Every line that contains "shows" must be located and copied from the data.
___ Records provided ___
lemma inj_on_shift_in: "i \<noteq> j \<Longrightarrow> inj_on (shift_in i j E) E"
  by (rule inj_onI) (simp add: shift_in_def split: if_splits; metis shift_inverse)

lemma card_shift: "finite S \<Longrightarrow> j \<in> S \<Longrightarrow> i \<notin> S \<Longrightarrow> card (shift i j S) = card S"
  using card_Suc_Diff1[of S j] by (simp add: shift_def)

lemma shift_in_image_subset:
  "E \<subseteq> Pow {1..n} \<Longrightarrow> 1 \<le> i \<Longrightarrow> i < j \<Longrightarrow> shift_in i j E ` E \<subseteq> Pow {1..n}"
  unfolding shift_in_def shift_def by (auto simp: subset_iff) (meson less_imp_le_nat order.trans)

lemma card_shift_Un_le:
  assumes "finite S" "finite T" "j \<in> S" "i \<notin> S" "T \<in> E" "S \<in> E"
    and "\<not> (j \<in> T \<and> i \<notin> T \<and> shift i j T \<notin> E)"
  shows "\<exists>S0\<in>E. \<exists>T0\<in>E. card (shift i j S \<union> T) \<le> card (S0 \<union> T0)"
proof (cases "i \<in> T \<or> j \<notin> T")
  case True
  have "card (shift i j S \<union> T) \<le> card (S \<union> T)"
  proof (cases "i \<in> T")
    case True
    then have "shift i j S \<union> T \<subseteq> S \<union> T" unfolding shift_def by auto
    then show ?thesis using assms(1,2) by (simp add: card_mono)
  next
    case False
    then have "shift i j S \<union> T = shift i j (S \<union> T)"
      using True unfolding shift_def by auto
    then show ?thesis using False assms(1-4) by (simp add: card_shift)
  qed
  then show ?thesis using assms(5,6) by blast
next
  case False
  then have "shift i j T \<in> E" "shift i j S \<union> T = S \<union> shift i j T"
    using assms(3,4,7) unfolding shift_def by auto
  then show ?thesis using assms(6) by (metis order_refl)
qed

lemma union_bounded_shift_in:
  assumes fin: "\<And>S. S \<in> E \<Longrightarrow> finite S" and "union_bounded d E"
  shows "union_bounded d (shift_in i j E ` E)"
  unfolding union_bounded_def
proof (intro ballI)
  fix X Y assume "X \<in> shift_in i j E ` E" "Y \<in> shift_in i j E ` E"
  then obtain S T where S: "S \<in> E" "X = shift_in i j E S" and T: "T \<in> E" "Y = shift_in i j E T"
    by auto
  let ?mv = "\<lambda>S. j \<in> S \<and> i \<notin> S \<and> shift i j S \<notin> E"
  have "\<exists>S0\<in>E. \<exists>T0\<in>E. card (X \<union> Y) \<le> card (S0 \<union> T0)"
  proof (cases "?mv S \<and> ?mv T")
    case True
    then have "X \<union> Y = shift i j (S \<union> T)"
      using S T unfolding shift_in_def shift_def by auto
    then have "card (X \<union> Y) = card (S \<union> T)" using True fin S T by (simp add: card_shift)
    then show ?thesis using S T by (metis order_refl)
  next
    case False
    then consider "\<not> ?mv S" "\<not> ?mv T" | "?mv S" "\<not> ?mv T" | "\<not> ?mv S" "?mv T" by blast
    then show ?thesis
    proof cases
      case 1
      then show ?thesis using S T unfolding shift_in_def by (metis order_refl)
    next
      case 2
      then have "X \<union> Y = shift i j S \<union> T" using S T unfolding shift_in_def by auto
      then show ?thesis using card_shift_Un_le[of S T j i E] fin S T 2 by auto
    next
      case 3
      then have "X \<union> Y = shift i j T \<union> S" using S T unfolding shift_in_def by auto
      then show ?thesis using card_shift_Un_le[of T S j i E] fin S T 3 by (auto simp: Un_commute)
    qed
  qed
  then show "card (X \<union> Y) \<le> d" using assms(2) unfolding union_bounded_def by (meson order_trans)
qed

lemma sum_shift_less: "finite S \<Longrightarrow> j \<in> S \<Longrightarrow> i \<notin> S \<Longrightarrow> i < j \<Longrightarrow> \<Sum>(shift i j S) < \<Sum>S"
  unfolding shift_def by (simp add: sum.remove)

lemma weight_shift_in_less:
  assumes "finite E" "\<And>S. S \<in> E \<Longrightarrow> finite S" "i < j"
    and "S \<in> E" "j \<in> S" "i \<notin> S" "shift i j S \<notin> E"
  shows "weight (shift_in i j E ` E) < weight E"
proof -
  have "weight (shift_in i j E ` E) = (\<Sum>T\<in>E. \<Sum>(shift_in i j E T))"
    unfolding weight_def using inj_on_shift_in[of i j E] assms(3) by (simp add: sum.reindex)
  also have "\<dots> < (\<Sum>T\<in>E. \<Sum>T)"
  proof (rule sum_strict_mono_ex1[OF assms(1)])
    show "\<forall>T\<in>E. \<Sum>(shift_in i j E T) \<le> \<Sum>T"
      using sum_shift_less assms(2,3) unfolding shift_in_def by (auto simp: less_imp_le)
    show "\<exists>T\<in>E. \<Sum>(shift_in i j E T) < \<Sum>T"
      using assms sum_shift_less unfolding shift_in_def by auto
  qed
  finally show ?thesis unfolding weight_def .
qed

text \<open>A family of minimal weight among those with the same size and union bound is shifted,
  since a non-trivial shift would decrease the weight.\<close>
lemma ex_shifted_union_bounded:
  assumes "E \<subseteq> Pow {1..n}" "union_bounded d E"
  shows "\<exists>E'. E' \<subseteq> Pow {1..n} \<and> card E' = card E \<and> union_bounded d E' \<and> shifted E'"
proof -
  define P where "P E' \<longleftrightarrow> E' \<subseteq> Pow {1..n} \<and> card E' = card E \<and> union_bounded d E'" for E'
  obtain M where PM: "P M" and min: "\<And>E'. P E' \<Longrightarrow> weight M \<le> weight E'"
    using ex_has_least_nat[of P E weight] assms unfolding P_def by blast
  have sub: "M \<subseteq> Pow {1..n}" and finM: "finite M" and finS: "\<And>S. S \<in> M \<Longrightarrow> finite S"
    using PM unfolding P_def by (auto intro: finite_subset)
  have "shifted M" unfolding shifted_def
  proof (intro ballI allI impI)
    fix S i j assume S: "S \<in> M" and ij: "1 \<le> i \<and> i < j \<and> j \<in> S \<and> i \<notin> S"
    show "shift i j S \<in> M"
    proof (rule ccontr)
      assume "shift i j S \<notin> M"
      then have "weight (shift_in i j M ` M) < weight M"
        using weight_shift_in_less[OF finM finS _ S] ij by blast
      moreover have "P (shift_in i j M ` M)"
        using PM shift_in_image_subset[OF sub] union_bounded_shift_in[OF finS] ij
          card_image[OF inj_on_shift_in[of i j M]] unfolding P_def by auto
      ultimately show False using min by (meson not_le)
    qed
  qed
  then show ?thesis using PM unfolding P_def by blast
qed

subsection \<open>Kleitman's bound\<close>

definition kleitman_bound :: "nat \<Rightarrow> nat \<Rightarrow> nat" where
  "kleitman_bound n d = 2 ^ (d mod 2) * binom_le (n - d mod 2) (d div 2)"

lemma binom_le_Suc_Suc: "binom_le (Suc m) (Suc t) = binom_le m (Suc t) + binom_le m t"
proof -
  have "binom_le (Suc m) (Suc t) = (Suc m choose 0) + (\<Sum>j\<le>t. Suc m choose Suc j)"
    unfolding binom_le_def by (rule sum.atMost_Suc_shift)
  also have "(\<Sum>j\<le>t. Suc m choose Suc j) = (\<Sum>j\<le>t. m choose Suc j) + (\<Sum>j\<le>t. m choose j)"
    by (simp only: binomial_Suc_Suc sum.distrib add.commute)
  also have "binom_le m (Suc t) = (m choose 0) + (\<Sum>j\<le>t. m choose Suc j)"
    unfolding binom_le_def by (rule sum.atMost_Suc_shift)
  ultimately show ?thesis unfolding binom_le_def by simp
qed

text \<open>By the symmetry of the binomial coefficients, the lower half of the row \<open>2 s + 1\<close>
  carries half of its sum \<open>2\<^bsup>2 s + 1\<^esup>\<close>.\<close>
lemma binom_le_lower_half: "binom_le (2 * s + 1) s = 2 ^ (2 * s)"
proof -
  define N where "N = 2 * s + 1"
  define f where "f j = N choose j" for j
  have "sum f {s+1..N} = (\<Sum>j\<le>s. f (N - j))"
    by (rule sum.reindex_bij_witness[of _ "\<lambda>j. N - j" "\<lambda>j. N - j"]) (auto simp: N_def)
  also have "\<dots> = sum f {..s}"
    by (rule sum.cong) (auto simp: f_def N_def binomial_symmetric[symmetric])
  finally have "sum f {s+1..N} = sum f {..s}" .
  moreover have "{..N} = {..s} \<union> {s+1..N}" by (auto simp: N_def)
  then have "sum f {..N} = sum f {..s} + sum f {s+1..N}"
    by (simp add: sum.union_disjoint)
  moreover have "sum f {..N} = 2 * 2 ^ (2 * s)"
    unfolding f_def using choose_row_sum[of N] by (simp add: N_def)
  ultimately show ?thesis unfolding binom_le_def f_def N_def by simp
qed

lemma kleitman_bound_top: "kleitman_bound (Suc m) m = 2 ^ m"
proof (cases "even m")
  case True
  then obtain s where "m = 2 * s" by auto
  then show ?thesis unfolding kleitman_bound_def using binom_le_lower_half[of s] by simp
next
  case False
  then obtain s where "m = 2 * s + 1" using oddE by blast
  then show ?thesis unfolding kleitman_bound_def using binom_le_lower_half[of s] by simp
qed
___
▶ [Answer box]
  shows "\<exists>S0\<in>E. \<exists>T0\<in>E. card (shift i j S \<union> T) \<le> card (S0 \<union> T0)"
  shows "union_bounded d (shift_in i j E ` E)"
  shows "weight (shift_in i j E ` E) < weight E"
  shows "\<exists>E'. E' \<subseteq> Pow {1..n} \<and> card E' = card E \<and> union_bounded d E' \<and> shifted E'"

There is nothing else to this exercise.